Turning off her scroll's screen, she just put it down and hissed, "Just..just why do you even 'need' something like that? 'Why'?! It's like stealing Nora's hammer to just crush a spider on a table then setting the table on fire!"
Blake put a hand over her eyes and groaned. "Yeah, that doesn't sound all that off considering the 'last' StrangeReal story I tried to read. While the writing is extremely good for the most part, it's like the company as a whole considers individual people to be capable of being good, selfless, and many other noble traits but put them in a group and they become 'far' more self-destructive. Like a bunch of freedom fighters overthrowing their tyrannical king and just getting addicted to 'slaughter' and going on a directionless purge. Just because I respect the writing and some of the individual stories, though, doesn't mean I'm a fan of the idea of people creating their 'own' monsters when there aren't any others to contend against."
Weiss wanted to say something about people occasionally going to war with one another despite the constant threat of the Grimm, but held her tongue. It was actually rather interesting how both Blake and Ruby seemed to have similar preferences in stories. While Blake was definitely more mature abut it, she was just as much a fan of the easy to understand good guy against bad guy thing, and hated ambiguities. The clear cut. But Weiss? She had grown up with 'plenty' of ambiguities, contradictions, mixed feelings to the point that it was easier to try making things seem more 'logical' than 'fair' or 'nice'.
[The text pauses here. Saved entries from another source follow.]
lemma regular_lang_conv_shorten_right:
  fixes R :: "('a option \<times> 'a option) list set"
  assumes "regular_lang S R"
  obtains N where
    "\<And>u v. conv u v \<in> R \<Longrightarrow> length u + N \<le> length v \<Longrightarrow> \<exists>v'. length v' < length v \<and> conv u v' \<in> R"
proof -
  obtain Q :: "nat set" and q0 F \<delta> where Q: "finite Q" "q0 \<in> Q" "\<forall>q\<in>Q. \<forall>x\<in>S. \<delta> q x \<in> Q"
    and R: "R = {w \<in> lists S. foldl \<delta> q0 w \<in> F}"
    using assms unfolding regular_lang_def by blast
  have "\<exists>v'. length v' < length v \<and> conv u v' \<in> R"
    if uv: "conv u v \<in> R" and long: "length u + card Q \<le> length v" for u v
  proof -
    define p where "p = conv u (take (length u) v)"
    define d where "d = drop (length u) v"
    define t where "t = map (\<lambda>y. (None :: 'a option, Some y)) d"
    have split: "conv u v = p @ t"
      unfolding p_def t_def d_def using long by (intro conv_padded_right) simp
    have pS: "p \<in> lists S" and tS: "t \<in> lists S" using uv split R by auto
    have "card Q \<le> length t" using long by (simp add: t_def d_def)
    then obtain i j where ij: "i < j" "j \<le> length t"
      and loop: "foldl \<delta> (foldl \<delta> q0 p) (take i t @ drop j t) = foldl \<delta> (foldl \<delta> q0 p) t"
      using foldl_remove_loop[OF Q(1) foldl_in_states[OF Q(2,3) pS] Q(3) tS] by blast
    define v' where "v' = take (length u) v @ take i d @ drop j d"
    have v': "conv u v' = p @ take i t @ drop j t"
      using long conv_padded_right[of u v']
      by (simp add: v'_def p_def t_def take_map drop_map min_def)
    have "conv u v' \<in> lists S" using v' pS tS by (auto dest: in_set_takeD in_set_dropD)
    moreover have "foldl \<delta> q0 (conv u v') \<in> F" using v' loop split uv R by simp
    moreover have "length v' < length v" using ij long by (simp add: v'_def t_def d_def)
    ultimately show ?thesis using R by blast
  qed
  with that show ?thesis by blast
qed
definition pos_def :: "real^'n^'n \<Rightarrow> bool" where
  "pos_def S \<longleftrightarrow> transpose S = S \<and> (\<forall>x. x \<noteq> 0 \<longrightarrow> x \<bullet> (S *v x) > 0)"

definition complex_eigenvalue :: "real^'n^'n \<Rightarrow> complex \<Rightarrow> bool" where
  "complex_eigenvalue M mu \<longleftrightarrow>
     (\<exists>v :: complex^'n. v \<noteq> 0 \<and>
        (\<chi> i j. complex_of_real (M $ i $ j)) *v v = mu *s v)"

end

theory Submission
  imports Defs
begin

text \<open>The eigenvalues of a real symmetric matrix are real and lie strictly between any strict
bounds on its Rayleigh quotient. For \<open>M = \<Lambda>^(1/2) A \<Lambda>^(1/2)\<close>, \<open>x = \<Lambda>^(1/2) y\<close> and \<open>v\<close> the
\<open>k\<close>-th row of \<open>V\<close>, the quadratic form is a sum of squares,
\<open>y \<bullet> M y = \<Sum>\<^sub>i\<^sub>l (x_i v_l + x_l v_i)^2 / (4 (\<lambda>_i + \<lambda>_l))\<close>. It is positive for \<open>y \<noteq> 0\<close>
since \<open>v \<noteq> 0\<close>, and \<open>(a + b)^2/(p + q) \<le> a^2/p + b^2/q\<close> bounds it termwise by
\<open>|v|^2 (\<Sum>\<^sub>i x_i^2/\<lambda>_i) / 2 = |y|^2 / 2\<close>. So all eigenvalues even lie in \<open>(0, 1/2]\<close>.\<close>

lemma symmetric_matrix_inner_swap:
  fixes M :: "real^'n^'n"
  assumes "transpose M = M"
  shows "x \<bullet> (M *v y) = y \<bullet> (M *v x)"
  by (metis assms dot_lmul_matrix inner_commute transpose_matrix_vector)

lemma transpose_diag_mat: "transpose (diag_mat d) = diag_mat d"
  by (simp add: diag_mat_def transpose_def vec_eq_iff)

lemma diag_mat_mult_vector: "diag_mat d *v y = (\<chi> i. d i * y$i)"
  by (simp add: diag_mat_def matrix_vector_mult_def vec_eq_iff if_distrib[of "\<lambda>z. z * _"]
      cong: if_cong)

lemma inner_diag_congruence:
  fixes A :: "real^'n^'n"
  shows "y \<bullet> ((diag_mat d ** A ** diag_mat d) *v y)
       = (diag_mat d *v y) \<bullet> (A *v (diag_mat d *v y))"
  using symmetric_matrix_inner_swap[OF transpose_diag_mat, where x = y and y = "A *v (diag_mat d *v y)"]
  by (simp add: matrix_vector_mul_assoc[symmetric] inner_commute)

lemma orthogonal_matrix_row_norm:
  fixes V :: "real^'n^'n"
  assumes "orthogonal_matrix V"
  shows "(\<Sum>l\<in>UNIV. (V $ k $ l)\<^sup>2) = 1"
proof -
  have "(V ** transpose V) $ k $ k = 1"
    using assms by (simp add: orthogonal_matrix_def mat_def)
  then show ?thesis by (simp add: matrix_matrix_mult_def transpose_def power2_eq_square)
qed

lemma complex_eigenvalue_parts:
  fixes M :: "real^'n^'n"
  assumes "(\<chi> i j. complex_of_real (M $ i $ j)) *v w = mu *s w"
  defines "p \<equiv> \<chi> i. Re (w $ i)" and "q \<equiv> \<chi> i. Im (w $ i)"
  shows "M *v p = Re mu *s p - Im mu *s q" "M *v q = Im mu *s p + Re mu *s q"
proof -
  have "(\<Sum>j\<in>UNIV. complex_of_real (M $ i $ j) * w $ j) = mu * w $ i" for i
    using assms(1) by (simp add: vec_eq_iff matrix_vector_mult_def)
  from arg_cong[OF this, of Re] arg_cong[OF this, of Im]
  show "M *v p = Re mu *s p - Im mu *s q" "M *v q = Im mu *s p + Re mu *s q"
    by (simp_all add: vec_eq_iff matrix_vector_mult_def p_def q_def algebra_simps)
qed
lemma scheme_eq_weighted_sum:
  fixes e :: "real^('n::finite option)^('n option)" and f :: "real \<Rightarrow> real^'n \<Rightarrow> real"
  assumes "(\<Sum>j\<in>UNIV. (e$None$j)^2) = 1"
  shows "dt N f t x + (1/2) * lap e N f t x - b \<bullet> grad e N f t x - c * f (t - 1/real N) x
     = (\<Sum>j\<in>UNIV. scheme_weight e N b j * f t (shift e N x j)) - (real N + c) * f (t - 1/real N) x"
proof -
  let ?f = "\<lambda>j. f t (shift e N x j)"
  have lap: "(1/2) * lap e N f t x = real N * (\<Sum>j\<in>UNIV. (e$None$j)^2 * ?f j) - real N * f t x"
  proof -
    have "(1/2) * lap e N f t x = real N * (\<Sum>j\<in>UNIV. (e$None$j)^2 * ?f j - (e$None$j)^2 * f t x)"
      by (simp add: lap_def right_diff_distrib)
    also have "\<dots> = real N * (\<Sum>j\<in>UNIV. (e$None$j)^2 * ?f j) - real N * f t x"
      by (simp add: sum_subtractf sum_distrib_right[symmetric] assms right_diff_distrib)
    finally show ?thesis .
  qed
  have grad: "b \<bullet> grad e N f t x
      = (\<Sum>j\<in>UNIV. sqrt (real N) * e$None$j * (\<Sum>k\<in>UNIV. b$k * e$Some k$j) * ?f j)"
  proof -
    have "b \<bullet> grad e N f t x
        = (\<Sum>k\<in>UNIV. \<Sum>j\<in>UNIV. sqrt (real N) * e$None$j * (b$k * e$Some k$j) * ?f j)"
      by (simp add: inner_vec_def grad_def dpart_def sum_distrib_left mult_ac)
    also have "\<dots> = (\<Sum>j\<in>UNIV. \<Sum>k\<in>UNIV. sqrt (real N) * e$None$j * (b$k * e$Some k$j) * ?f j)"
      by (rule sum.swap)
    also have "\<dots> = (\<Sum>j\<in>UNIV. sqrt (real N) * e$None$j * (\<Sum>k\<in>UNIV. b$k * e$Some k$j) * ?f j)"
      by (simp add: sum_distrib_left sum_distrib_right)
    finally show ?thesis .
  qed
  have "(\<Sum>j\<in>UNIV. scheme_weight e N b j * ?f j)
     = real N * (\<Sum>j\<in>UNIV. (e$None$j)^2 * ?f j)
       - (\<Sum>j\<in>UNIV. sqrt (real N) * e$None$j * (\<Sum>k\<in>UNIV. b$k * e$Some k$j) * ?f j)"
    by (simp add: scheme_weight_def left_diff_distrib sum_subtractf sum_distrib_left mult.assoc)
  then show ?thesis
    unfolding lap grad by (simp add: dt_def algebra_simps)
qed

lemma sum_scheme_weight:
  fixes e :: "real^('n::finite option)^('n option)"
  assumes "orthogonal_matrix e"
  shows "(\<Sum>j\<in>UNIV. scheme_weight e N b j) = real N"
proof -
  have "(\<Sum>j\<in>UNIV. scheme_weight e N b j) = real N * (\<Sum>j\<in>UNIV. e$None$j * e$None$j)
      - (\<Sum>j\<in>UNIV. \<Sum>k\<in>UNIV. sqrt (real N) * (b$k * (e$None$j * e$Some k$j)))"
    by (simp add: scheme_weight_def power2_eq_square sum_subtractf sum_distrib_left mult_ac)
  also have "(\<Sum>j\<in>UNIV. \<Sum>k\<in>UNIV. sqrt (real N) * (b$k * (e$None$j * e$Some k$j)))
      = sqrt (real N) * (\<Sum>k\<in>UNIV. b$k * (\<Sum>j\<in>UNIV. e$None$j * e$Some k$j))"
    by (subst sum.swap) (simp add: sum_distrib_left)
  finally show ?thesis
    by (simp add: orthogonal_matrix_rows_inner[OF assms])
qed

definition state_prices :: "real^('n::finite option)^('n option) \<Rightarrow> nat
    \<Rightarrow> (real \<Rightarrow> real^'n \<Rightarrow> real^('n option)) \<Rightarrow> real \<Rightarrow> real^'n \<Rightarrow> real^('n option)"
  where "state_prices e N h t x = h (t - 1 / real N) x v* matrix_inv (Hmat e N h t x)"

definition Sigma_factor :: "real^('n::finite option)^('n option) \<Rightarrow> nat \<Rightarrow> real^('n option)
    \<Rightarrow> real^('n option)^('n option)"
  where "Sigma_factor e N q =
    (\<chi> r. case r of None \<Rightarrow> q | Some k \<Rightarrow> (\<chi> j. sqrt (real N) * (e$None$j * e$Some k$j)))"

lemma Sigma_mat_eq_factor_mult_Hmat:
  assumes "invertible (Hmat e N h t x)"
  shows "Sigma_mat e N h t x = Sigma_factor e N (state_prices e N h t x) ** Hmat e N h t x"
proof -
  define q where "q = state_prices e N h t x"
  have prices: "h (t - 1 / real N) x = q v* Hmat e N h t x"
    unfolding q_def state_prices_def using vector_matrix_inv_mult[OF assms] by simp
  have "Sigma_mat e N h t x $ r $ i = (Sigma_factor e N q ** Hmat e N h t x) $ r $ i" for r i
  proof (cases r)
    case None
    then show ?thesis
      by (simp add: Sigma_mat_def Sigma_factor_def prices matrix_matrix_mult_def vector_matrix_mult_def)
  next
    case (Some k)
    then show ?thesis
      by (simp add: Sigma_mat_def Sigma_factor_def dpart_def Hmat_def matrix_matrix_mult_def
          sum_distrib_left mult_ac)
  qed
  then show ?thesis
    unfolding q_def by (simp add: vec_eq_iff)
qed

lemma invertible_Sigma_factor:
  fixes e :: "real^('n::finite option)^('n option)"
  assumes orth: "orthogonal_matrix e" and "\<forall>j. e$None$j \<noteq> 0" and "0 < N"
    and "(\<Sum>j\<in>UNIV. q$j) \<noteq> 0"
  shows "invertible (Sigma_factor e N q)"
  unfolding invertible_left_inverse matrix_left_invertible_ker
proof (intro allI impI)
  fix y assume ker: "Sigma_factor e N q *v y = 0"
  define \<alpha> where "\<alpha> = (\<Sum>i\<in>UNIV. e$None$i * (e$None$i * y$i))"
  have perp: "(\<Sum>j\<in>UNIV. e$r$j * (e$None$j * y$j)) = 0" if "r \<noteq> None" for r
  proof -
    obtain k where r: "r = Some k" using \<open>r \<noteq> None\<close> by blast
    have "sqrt (real N) * (\<Sum>j\<in>UNIV. e$Some k$j * (e$None$j * y$j))
        = (Sigma_factor e N q *v y)$Some k"
      by (simp add: Sigma_factor_def matrix_vector_mult_def sum_distrib_left mult_ac)
    then show ?thesis using ker \<open>0 < N\<close> r by simp
  qed
  have "e$None$j * y$j = e$None$j * \<alpha>" for j
    unfolding \<alpha>_def
    by (rule orthogonal_matrix_multiple_of_row[OF orth, where z = "\<lambda>j. e$None$j * y$j", OF perp])
  then have y_const: "y$j = \<alpha>" for j
    using assms(2) by simp
  have "(\<Sum>j\<in>UNIV. q$j) * \<alpha> = (Sigma_factor e N q *v y)$None"
    by (simp add: Sigma_factor_def matrix_vector_mult_def y_const sum_distrib_right)
  then have "\<alpha> = 0" using ker assms(4) by simp
  then show "y = 0" by (simp add: vec_eq_iff y_const)
qed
So she just listened to the sound of Yang refilling each of their glasses, thinking about the fact that at least half of her team had such fundamentally different world views than herself. That was part of why she came all the way to Beacon, to experience the unfamiliar. To get a more complete view of the world. Did having a different viewpoint mean she was going to be driven crazy on this team? Or did it mean she'd balance them out? 'Could' she balance out the 'idealism' on the team if at least two and possibly 'three' members of the four huntress team all shared something she didn't? Still, somehow she felt less..alone here than she did at any of the family dinners she could remember.
Author's Note: And that does it, another chapter down. I tried to mix in details from both the remastered and the original. While the remaster does a great job with the visuals, and throwing in those two people dying in front of you is rather effectively depressing, for some reason I felt that the atmosphere of the original was better.
Either way, Aftermath isn't so much of a mission as it is a moment to drink in the fact that sometimes, regardless of how good they are at what they do, the good guys don't always prevail. And it helps to give this bit of tension when the final mission comes along, where you're wondiering if absolutely everyone is going to die 'including' the main character. After all, two people we've seen through the eyes of have already died and named characters look like they're dropping like flies in front of you.
Hope you liked how I had the girls react to it. We'll see when I can get the next chapter out. Based on the rest of this fic, I'm going to assume it's going to awkwardly split apart 'another' mission.